Task instructions:
Of all the lines below, output only those starting at the one with "bool) \<Rightarrow> 'a list" and ending at the one with "x = cyc_vertex", both ends included, exactly as written.

Data supplied:
___
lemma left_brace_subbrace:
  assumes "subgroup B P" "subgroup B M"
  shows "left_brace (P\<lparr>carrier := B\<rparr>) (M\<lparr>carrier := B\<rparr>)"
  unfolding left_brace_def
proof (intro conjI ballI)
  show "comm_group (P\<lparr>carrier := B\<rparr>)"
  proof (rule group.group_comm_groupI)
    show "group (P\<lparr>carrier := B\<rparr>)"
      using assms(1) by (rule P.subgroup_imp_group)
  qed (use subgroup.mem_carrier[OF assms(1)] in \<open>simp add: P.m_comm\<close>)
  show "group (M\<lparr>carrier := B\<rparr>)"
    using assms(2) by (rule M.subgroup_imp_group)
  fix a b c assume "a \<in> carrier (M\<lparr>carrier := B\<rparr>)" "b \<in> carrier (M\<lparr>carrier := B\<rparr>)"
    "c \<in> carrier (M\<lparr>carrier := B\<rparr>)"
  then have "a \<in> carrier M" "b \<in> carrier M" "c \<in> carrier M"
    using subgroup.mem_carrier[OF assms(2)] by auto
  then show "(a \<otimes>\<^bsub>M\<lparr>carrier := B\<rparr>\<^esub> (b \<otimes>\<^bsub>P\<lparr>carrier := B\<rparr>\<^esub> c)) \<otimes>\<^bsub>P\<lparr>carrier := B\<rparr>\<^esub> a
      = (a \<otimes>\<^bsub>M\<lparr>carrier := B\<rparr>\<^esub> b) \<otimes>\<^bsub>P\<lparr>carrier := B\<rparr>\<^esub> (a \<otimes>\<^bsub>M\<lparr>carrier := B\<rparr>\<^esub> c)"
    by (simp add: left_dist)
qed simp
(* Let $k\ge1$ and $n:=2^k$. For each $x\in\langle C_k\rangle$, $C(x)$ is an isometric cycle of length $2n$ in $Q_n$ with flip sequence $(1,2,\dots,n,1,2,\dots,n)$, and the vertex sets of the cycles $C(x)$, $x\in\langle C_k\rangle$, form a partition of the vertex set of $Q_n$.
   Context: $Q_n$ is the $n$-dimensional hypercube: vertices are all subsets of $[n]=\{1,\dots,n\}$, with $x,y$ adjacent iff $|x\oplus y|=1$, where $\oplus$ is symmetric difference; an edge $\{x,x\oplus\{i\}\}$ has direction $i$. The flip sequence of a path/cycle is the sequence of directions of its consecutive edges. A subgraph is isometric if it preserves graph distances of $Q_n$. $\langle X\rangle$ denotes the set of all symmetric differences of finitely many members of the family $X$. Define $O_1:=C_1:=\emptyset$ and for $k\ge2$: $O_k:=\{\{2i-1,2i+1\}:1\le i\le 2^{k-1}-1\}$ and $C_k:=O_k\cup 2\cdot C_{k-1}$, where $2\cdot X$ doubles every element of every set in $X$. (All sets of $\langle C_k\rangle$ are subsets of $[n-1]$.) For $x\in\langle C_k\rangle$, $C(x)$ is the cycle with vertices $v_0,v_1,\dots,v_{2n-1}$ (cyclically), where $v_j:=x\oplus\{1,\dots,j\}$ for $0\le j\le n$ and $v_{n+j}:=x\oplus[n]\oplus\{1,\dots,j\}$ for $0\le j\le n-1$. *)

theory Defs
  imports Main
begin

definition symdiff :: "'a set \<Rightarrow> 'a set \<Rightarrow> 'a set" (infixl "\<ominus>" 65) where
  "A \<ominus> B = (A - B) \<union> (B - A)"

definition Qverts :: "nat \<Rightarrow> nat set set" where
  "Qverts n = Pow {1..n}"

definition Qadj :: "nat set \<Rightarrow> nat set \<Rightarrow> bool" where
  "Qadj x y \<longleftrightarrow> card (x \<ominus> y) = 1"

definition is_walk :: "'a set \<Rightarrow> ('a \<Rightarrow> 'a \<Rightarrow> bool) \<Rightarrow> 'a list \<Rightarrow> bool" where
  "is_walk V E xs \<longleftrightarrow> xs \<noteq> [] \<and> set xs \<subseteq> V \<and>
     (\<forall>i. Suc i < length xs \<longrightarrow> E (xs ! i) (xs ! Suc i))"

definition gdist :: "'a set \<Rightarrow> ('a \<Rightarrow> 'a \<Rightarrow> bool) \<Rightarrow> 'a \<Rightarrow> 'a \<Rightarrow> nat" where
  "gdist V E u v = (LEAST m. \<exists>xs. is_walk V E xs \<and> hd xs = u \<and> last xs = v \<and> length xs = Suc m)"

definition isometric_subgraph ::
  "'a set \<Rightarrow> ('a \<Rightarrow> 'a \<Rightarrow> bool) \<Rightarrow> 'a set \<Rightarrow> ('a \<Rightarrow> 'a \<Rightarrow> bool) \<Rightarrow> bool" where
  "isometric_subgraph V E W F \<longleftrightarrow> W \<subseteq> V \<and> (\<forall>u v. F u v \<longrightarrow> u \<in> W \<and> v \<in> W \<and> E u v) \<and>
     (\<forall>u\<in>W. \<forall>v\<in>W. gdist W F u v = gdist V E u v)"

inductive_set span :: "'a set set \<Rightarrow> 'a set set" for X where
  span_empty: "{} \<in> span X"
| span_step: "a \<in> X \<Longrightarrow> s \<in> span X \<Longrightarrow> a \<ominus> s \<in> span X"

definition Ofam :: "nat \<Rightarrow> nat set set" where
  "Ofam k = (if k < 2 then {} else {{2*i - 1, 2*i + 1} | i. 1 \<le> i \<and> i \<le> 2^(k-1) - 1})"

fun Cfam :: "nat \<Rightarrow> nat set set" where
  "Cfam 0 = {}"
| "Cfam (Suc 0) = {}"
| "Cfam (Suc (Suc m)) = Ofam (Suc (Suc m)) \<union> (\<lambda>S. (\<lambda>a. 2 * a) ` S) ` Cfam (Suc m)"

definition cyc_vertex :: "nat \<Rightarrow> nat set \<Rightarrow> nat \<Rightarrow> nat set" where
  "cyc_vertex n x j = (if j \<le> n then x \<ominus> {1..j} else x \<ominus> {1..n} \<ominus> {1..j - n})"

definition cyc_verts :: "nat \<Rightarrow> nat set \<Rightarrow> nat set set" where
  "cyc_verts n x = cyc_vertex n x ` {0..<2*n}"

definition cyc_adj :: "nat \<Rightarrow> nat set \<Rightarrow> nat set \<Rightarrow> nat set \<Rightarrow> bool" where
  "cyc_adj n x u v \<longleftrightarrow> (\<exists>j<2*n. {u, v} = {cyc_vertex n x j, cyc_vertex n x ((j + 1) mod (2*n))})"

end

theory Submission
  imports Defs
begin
___
Written response:
definition is_walk :: "'a set \<Rightarrow> ('a \<Rightarrow> 'a \<Rightarrow> bool) \<Rightarrow> 'a list \<Rightarrow> bool" where
  "is_walk V E xs \<longleftrightarrow> xs \<noteq> [] \<and> set xs \<subseteq> V \<and>
     (\<forall>i. Suc i < length xs \<longrightarrow> E (xs ! i) (xs ! Suc i))"

definition gdist :: "'a set \<Rightarrow> ('a \<Rightarrow> 'a \<Rightarrow> bool) \<Rightarrow> 'a \<Rightarrow> 'a \<Rightarrow> nat" where
  "gdist V E u v = (LEAST m. \<exists>xs. is_walk V E xs \<and> hd xs = u \<and> last xs = v \<and> length xs = Suc m)"

definition isometric_subgraph ::
  "'a set \<Rightarrow> ('a \<Rightarrow> 'a \<Rightarrow> bool) \<Rightarrow> 'a set \<Rightarrow> ('a \<Rightarrow> 'a \<Rightarrow> bool) \<Rightarrow> bool" where
  "isometric_subgraph V E W F \<longleftrightarrow> W \<subseteq> V \<and> (\<forall>u v. F u v \<longrightarrow> u \<in> W \<and> v \<in> W \<and> E u v) \<and>
     (\<forall>u\<in>W. \<forall>v\<in>W. gdist W F u v = gdist V E u v)"

inductive_set span :: "'a set set \<Rightarrow> 'a set set" for X where
  span_empty: "{} \<in> span X"
| span_step: "a \<in> X \<Longrightarrow> s \<in> span X \<Longrightarrow> a \<ominus> s \<in> span X"

definition Ofam :: "nat \<Rightarrow> nat set set" where
  "Ofam k = (if k < 2 then {} else {{2*i - 1, 2*i + 1} | i. 1 \<le> i \<and> i \<le> 2^(k-1) - 1})"

fun Cfam :: "nat \<Rightarrow> nat set set" where
  "Cfam 0 = {}"
| "Cfam (Suc 0) = {}"
| "Cfam (Suc (Suc m)) = Ofam (Suc (Suc m)) \<union> (\<lambda>S. (\<lambda>a. 2 * a) ` S) ` Cfam (Suc m)"

definition cyc_vertex :: "nat \<Rightarrow> nat set \<Rightarrow> nat \<Rightarrow> nat set" where
  "cyc_vertex n x j = (if j \<le> n then x \<ominus> {1..j} else x \<ominus> {1..n} \<ominus> {1..j - n})"

definition cyc_verts :: "nat \<Rightarrow> nat set \<Rightarrow> nat set set" where
  "cyc_verts n x = cyc_vertex n x ` {0..<2*n}"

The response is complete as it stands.